[Opening Extracted data section]

section \<open>Paths of even length\<close>

definition ones_on_stair :: "nat \<Rightarrow> nat \<Rightarrow> nat \<Rightarrow> nat \<Rightarrow> nat" where
  "ones_on_stair m t q i = (if i \<in> stair (2 * m) t then 1 else if i = q then 3 else 2)"

definition twos_on_stair :: "nat \<Rightarrow> nat \<Rightarrow> nat \<Rightarrow> nat \<Rightarrow> nat" where
  "twos_on_stair m t q i = (if i \<in> stair (2 * m) t then 2 else if i = q then 1 else 3)"

definition admissible :: "nat \<Rightarrow> nat \<Rightarrow> nat \<Rightarrow> bool" where
  "admissible m t q \<longleftrightarrow> t \<le> m \<and> q < 2 * m \<and> q \<notin> stair (2 * m) t
     \<and> (0 < t \<and> t < m \<longrightarrow> q = 2 * t - 1 \<or> q = 2 * t)"

text \<open>\<open>twos_on_stair\<close> at \<open>twos_partner (t, q)\<close> has the same rises as \<open>ones_on_stair\<close> at \<open>(t, q)\<close>.\<close>
definition twos_partner :: "nat \<times> nat \<Rightarrow> nat \<times> nat" where
  "twos_partner p = (case p of (t, q) \<Rightarrow> if odd q then (Suc t, q + 2) else (t - 1, q - 2))"

lemma twos_on_stair_in_path_colorings:
  assumes "admissible m t q"
  shows "restrict (twos_on_stair m t q) {..<2 * m}
    \<in> path_colorings (2 * m) u (agreements (2 * m) u (\<lambda>i. twos_on_stair m t q i < twos_on_stair m t q (Suc i)))
        (exponent3 1 m (m - 1))"
proof (rule restrict_in_path_colorings)
  show "twos_on_stair m t q i \<noteq> twos_on_stair m t q (Suc i)" if "Suc i < 2 * m" for i
    using assms that unfolding twos_on_stair_def admissible_def stair_def by auto
  have "{i. i < 2 * m \<and> twos_on_stair m t q i = 1} = {q}"
    using assms unfolding twos_on_stair_def admissible_def by auto
  moreover have "{i. i < 2 * m \<and> twos_on_stair m t q i = 2} = stair (2 * m) t"
    unfolding twos_on_stair_def stair_def by auto
  ultimately show "card {i. i < 2 * m \<and> twos_on_stair m t q i = j} = exponent3 1 m (m - 1) j" for j
    using assms card_stair[of t m] unfolding admissible_def
    by (intro color_counts_exponent3) (auto simp: twos_on_stair_def)
qed (auto simp: twos_on_stair_def)

lemma rise_ones_on_stair_twos_partner:
  assumes "0 < t" "t < m" "Suc i < 2 * m"
  shows "(ones_on_stair m t (2 * t - 1) i < ones_on_stair m t (2 * t - 1) (Suc i))
           = (twos_on_stair m (Suc t) (2 * t + 1) i < twos_on_stair m (Suc t) (2 * t + 1) (Suc i))"
    and "(ones_on_stair m t (2 * t) i < ones_on_stair m t (2 * t) (Suc i))
           = (twos_on_stair m (t - 1) (2 * t - 2) i < twos_on_stair m (t - 1) (2 * t - 2) (Suc i))"
  using assms unfolding ones_on_stair_def twos_on_stair_def stair_def by (auto; presburger)+

lemma twos_partner_admissible_agreements:
  assumes "0 < t" "t < m" "q = 2 * t - 1 \<or> q = 2 * t" "twos_partner (t, q) = (t', q')"
  shows "admissible m t' q'"
    and "agreements (2 * m) u (\<lambda>i. twos_on_stair m t' q' i < twos_on_stair m t' q' (Suc i))
       = agreements (2 * m) u (\<lambda>i. ones_on_stair m t q i < ones_on_stair m t q (Suc i))"
proof -
  have "odd (2 * t - 1)" "even (2 * t)"
    using assms(1) by auto
  then have partner: "(t', q') = (if q = 2 * t - 1 then (Suc t, 2 * t + 1) else (t - 1, 2 * t - 2))"
    using assms(3,4) unfolding twos_partner_def by auto
  then show "admissible m t' q'"
    using assms(1-3) unfolding admissible_def stair_def by (auto split: if_splits; presburger)
  show "agreements (2 * m) u (\<lambda>i. twos_on_stair m t' q' i < twos_on_stair m t' q' (Suc i))
      = agreements (2 * m) u (\<lambda>i. ones_on_stair m t q i < ones_on_stair m t q (Suc i))"
    using partner assms(3) rise_ones_on_stair_twos_partner[OF assms(1,2)]
    by (intro agreements_cong) (auto split: if_splits)
qed

lemma twos_partner_inj: "inj_on twos_partner {(t, q). 0 < t \<and> (q = 2 * t - 1 \<or> q = 2 * t)}"
  unfolding twos_partner_def by (rule inj_onI) (auto split: if_splits; presburger)

lemma twos_partner_ne_alternating:
  assumes "0 < t" "t < m" "q = 2 * t - 1 \<or> q = 2 * t" "0 < i0" "Suc i0 < 2 * m"
  shows "twos_partner (t, q) \<noteq> (if even i0 then 0 else m, i0)"
  using assms unfolding twos_partner_def by (auto; presburger)

lemma twos_on_stair_inj:
  assumes "admissible m t q" "admissible m t' q'"
    and "\<And>i. i < 2 * m \<Longrightarrow> twos_on_stair m t q i = twos_on_stair m t' q' i"
  shows "t = t'" "q = q'"
proof -
  have same: "{i. i < 2 * m \<and> twos_on_stair m t q i = c} = {i. i < 2 * m \<and> twos_on_stair m t' q' i = c}" for c
    using assms(3) by auto
  have "{i. i < 2 * m \<and> twos_on_stair m t q i = 1} = {q}"
    "{i. i < 2 * m \<and> twos_on_stair m t' q' i = 1} = {q'}"
    using assms(1,2) unfolding twos_on_stair_def admissible_def by auto
  then show "q = q'"
    using same[of 1] by simp
  have "{i. i < 2 * m \<and> twos_on_stair m t q i = 2} = stair (2 * m) t"
    "{i. i < 2 * m \<and> twos_on_stair m t' q' i = 2} = stair (2 * m) t'"
    unfolding twos_on_stair_def stair_def by auto
  then have "stair (2 * m) t = stair (2 * m) t'"
    using same[of 2] by simp
  moreover have "2 * t \<le> 2 * m" "2 * t' \<le> 2 * m"
    using assms(1,2) unfolding admissible_def by auto
  ultimately show "t = t'"
    using stair_inj by blast
qed

lemma twos_on_stair_alternating:
  assumes "i0 < 2 * m"
  shows "admissible m (if even i0 then 0 else m) i0"
    and "i < 2 * m \<Longrightarrow> twos_on_stair m (if even i0 then 0 else m) i0 i = spike i0 i"
  using assms unfolding admissible_def twos_on_stair_def spike_def stair_def by auto

lemma agreements_twos_alternating_ne:
  assumes "2 \<le> m" "0 < i0" "Suc i0 < 2 * m" "u (i0 - 1) \<noteq> u i0"
  defines "k \<equiv> agreements (2 * m) u
    (\<lambda>i. twos_on_stair m (if even i0 then 0 else m) i0 i < twos_on_stair m (if even i0 then 0 else m) i0 (Suc i))"
  shows "k \<noteq> agreements (2 * m) u (\<lambda>i. even i)" and "k \<noteq> agreements (2 * m) u (\<lambda>i. odd i)"
proof -
  let ?K = "\<lambda>P. agreements (2 * m) u P"
  have "k = ?K (\<lambda>i. spike i0 i < spike i0 (Suc i))"
    unfolding k_def using twos_on_stair_alternating(2)[of i0 m] assms(3) by (intro agreements_cong) auto
  then have "k + 2 = ?K (\<lambda>i. odd (i + i0)) \<or> ?K (\<lambda>i. odd (i + i0)) + 2 = k"
    using agreements_spike[OF assms(2,3,4)] by simp
  moreover have "(\<lambda>i. odd (i + i0)) = (\<lambda>i. even i) \<or> (\<lambda>i. odd (i + i0)) = (\<lambda>i. odd i)"
    by (cases "even i0") auto
  moreover have "?K (\<lambda>i. even i) + ?K (\<lambda>i. odd i) = 2 * m - 1"
    using agreements_add_compl[of "2 * m" u "\<lambda>i. even i"] by simp
  ultimately show "k \<noteq> ?K (\<lambda>i. even i)" "k \<noteq> ?K (\<lambda>i. odd i)"
    using assms(1) by (auto, presburger+)
qed

lemma path_coloring_eq_ones_on_stair:
  assumes f: "f \<in> path_colorings (2 * m) u k (exponent3 m (m - 1) 1)"
    and ones: "{i. i < 2 * m \<and> f i = 1} = stair (2 * m) t" and t: "0 < t" "t < m"
  obtains q where "q = 2 * t - 1 \<or> q = 2 * t" "f = restrict (ones_on_stair m t q) {..<2 * m}"
proof -
  have vals: "\<And>i. i < 2 * m \<Longrightarrow> f i \<in> {1, 2, 3}"
    using path_colorings_exponent3_values[OF f] .
  have proper: "\<And>i. Suc i < 2 * m \<Longrightarrow> f i \<noteq> f (Suc i)" and ext: "f \<in> extensional {..<2 * m}"
    using f unfolding path_colorings_def by auto
  have "card {i. i < 2 * m \<and> f i = 3} = 1"
    using f unfolding path_colorings_def exponent3_def by auto
  then obtain q where q: "{i. i < 2 * m \<and> f i = 3} = {q}"
    by (rule card_1_singletonE)
  have one_iff: "f i = 1 \<longleftrightarrow> i \<in> stair (2 * m) t" and three_iff: "f i = 3 \<longleftrightarrow> i = q" if "i < 2 * m" for i
    using that ones q by blast+
  have gap: "2 * t - 1 \<notin> stair (2 * m) t" "2 * t \<notin> stair (2 * m) t" "Suc (2 * t - 1) = 2 * t" "2 * t < 2 * m"
    using t unfolding stair_def by auto
  then have "f (2 * t - 1) \<noteq> 1" "f (2 * t) \<noteq> 1" "f (2 * t - 1) \<noteq> f (2 * t)"
    using one_iff proper[of "2 * t - 1"] by auto
  then have "f (2 * t - 1) = 3 \<or> f (2 * t) = 3"
    using vals[of "2 * t - 1"] vals[of "2 * t"] gap(4) by auto
  then have "q = 2 * t - 1 \<or> q = 2 * t"
    using three_iff gap(4) by auto
  moreover have "f = restrict (ones_on_stair m t q) {..<2 * m}"
  proof (rule extensionalityI[OF ext])
    fix i assume "i \<in> {..<2 * m}"
    then show "f i = restrict (ones_on_stair m t q) {..<2 * m} i"
      using vals[of i] one_iff[of i] three_iff[of i] unfolding ones_on_stair_def by auto
  qed simp
  ultimately show thesis
    using that by blast
qed

lemma path_coloring_nonalternating_eq_ones_on_stair:
  assumes f: "f \<in> path_colorings (2 * m) u k (exponent3 m (m - 1) 1)"
    and k: "k \<noteq> agreements (2 * m) u (\<lambda>i. even i)" "k \<noteq> agreements (2 * m) u (\<lambda>i. odd i)"
  obtains t q where "0 < t" "t < m" "q = 2 * t - 1 \<or> q = 2 * t"
    "f = restrict (ones_on_stair m t q) {..<2 * m}"
proof -
  have pos: "\<And>i. i < 2 * m \<Longrightarrow> 1 \<le> f i" and proper: "\<And>i. Suc i < 2 * m \<Longrightarrow> f i \<noteq> f (Suc i)"
    and asc: "agreements (2 * m) u (\<lambda>i. f i < f (Suc i)) = k"
    and card: "card {i. i < 2 * m \<and> f i = 1} = (2 * m + 1) div 2"
    using f unfolding path_colorings_def exponent3_def by auto
  have "path_independent {i. i < 2 * m \<and> f i = 1}"
    by (rule color_class_path_independent) (rule proper)
  then obtain t where t: "2 * t \<le> Suc (2 * m)" and ones: "{i. i < 2 * m \<and> f i = 1} = stair (2 * m) t"
    using path_independent_half_is_stair[OF _ _ card] by blast
  have ones_iff: "f i = 1 \<longleftrightarrow> i \<in> stair (2 * m) t" if "i < 2 * m" for i
    using that ones by blast
  have "t \<noteq> 0"
  proof
    assume "t = 0"
    then have "agreements (2 * m) u (\<lambda>i. f i < f (Suc i)) = agreements (2 * m) u (\<lambda>i. odd i)"
      using ones_iff pos proper by (intro agreements_alternating[where f = f]) (auto simp: stair_def)
    then show False
      using asc k by simp
  qed
  moreover have "t \<noteq> m"
  proof
    assume "t = m"
    then have "agreements (2 * m) u (\<lambda>i. f i < f (Suc i)) = agreements (2 * m) u (\<lambda>i. even i)"
      using ones_iff pos proper by (intro agreements_alternating[where f = f]) (auto simp: stair_def)
    then show False
      using asc k by simp
  qed
  ultimately have "0 < t" "t < m"
    using t by auto
  then show thesis
    using that path_coloring_eq_ones_on_stair[OF f ones] by blast
qed

definition stair_parameters :: "nat \<Rightarrow> (nat \<Rightarrow> bool) \<Rightarrow> nat \<Rightarrow> (nat \<times> nat) set" where
  "stair_parameters m u k = {(t, q). 0 < t \<and> t < m \<and> (q = 2 * t - 1 \<or> q = 2 * t)
     \<and> agreements (2 * m) u (\<lambda>i. ones_on_stair m t q i < ones_on_stair m t q (Suc i)) = k}"

lemma finite_stair_parameters: "finite (stair_parameters m u k)"
  by (rule finite_subset[of _ "{..<m} \<times> {..<2 * m}"]) (auto simp: stair_parameters_def)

[Closing Extracted data section]

**Task brief**
Copy each line from the data that features the string "noteq".

**Response area**
  show "twos_on_stair m t q i \<noteq> twos_on_stair m t q (Suc i)" if "Suc i < 2 * m" for i
  shows "twos_partner (t, q) \<noteq> (if even i0 then 0 else m, i0)"
  assumes "2 \<le> m" "0 < i0" "Suc i0 < 2 * m" "u (i0 - 1) \<noteq> u i0"
  shows "k \<noteq> agreements (2 * m) u (\<lambda>i. even i)" and "k \<noteq> agreements (2 * m) u (\<lambda>i. odd i)"
  ultimately show "k \<noteq> ?K (\<lambda>i. even i)" "k \<noteq> ?K (\<lambda>i. odd i)"
  have proper: "\<And>i. Suc i < 2 * m \<Longrightarrow> f i \<noteq> f (Suc i)" and ext: "f \<in> extensional {..<2 * m}"
  then have "f (2 * t - 1) \<noteq> 1" "f (2 * t) \<noteq> 1" "f (2 * t - 1) \<noteq> f (2 * t)"
    and k: "k \<noteq> agreements (2 * m) u (\<lambda>i. even i)" "k \<noteq> agreements (2 * m) u (\<lambda>i. odd i)"
  have pos: "\<And>i. i < 2 * m \<Longrightarrow> 1 \<le> f i" and proper: "\<And>i. Suc i < 2 * m \<Longrightarrow> f i \<noteq> f (Suc i)"
  have "t \<noteq> 0"
  moreover have "t \<noteq> m"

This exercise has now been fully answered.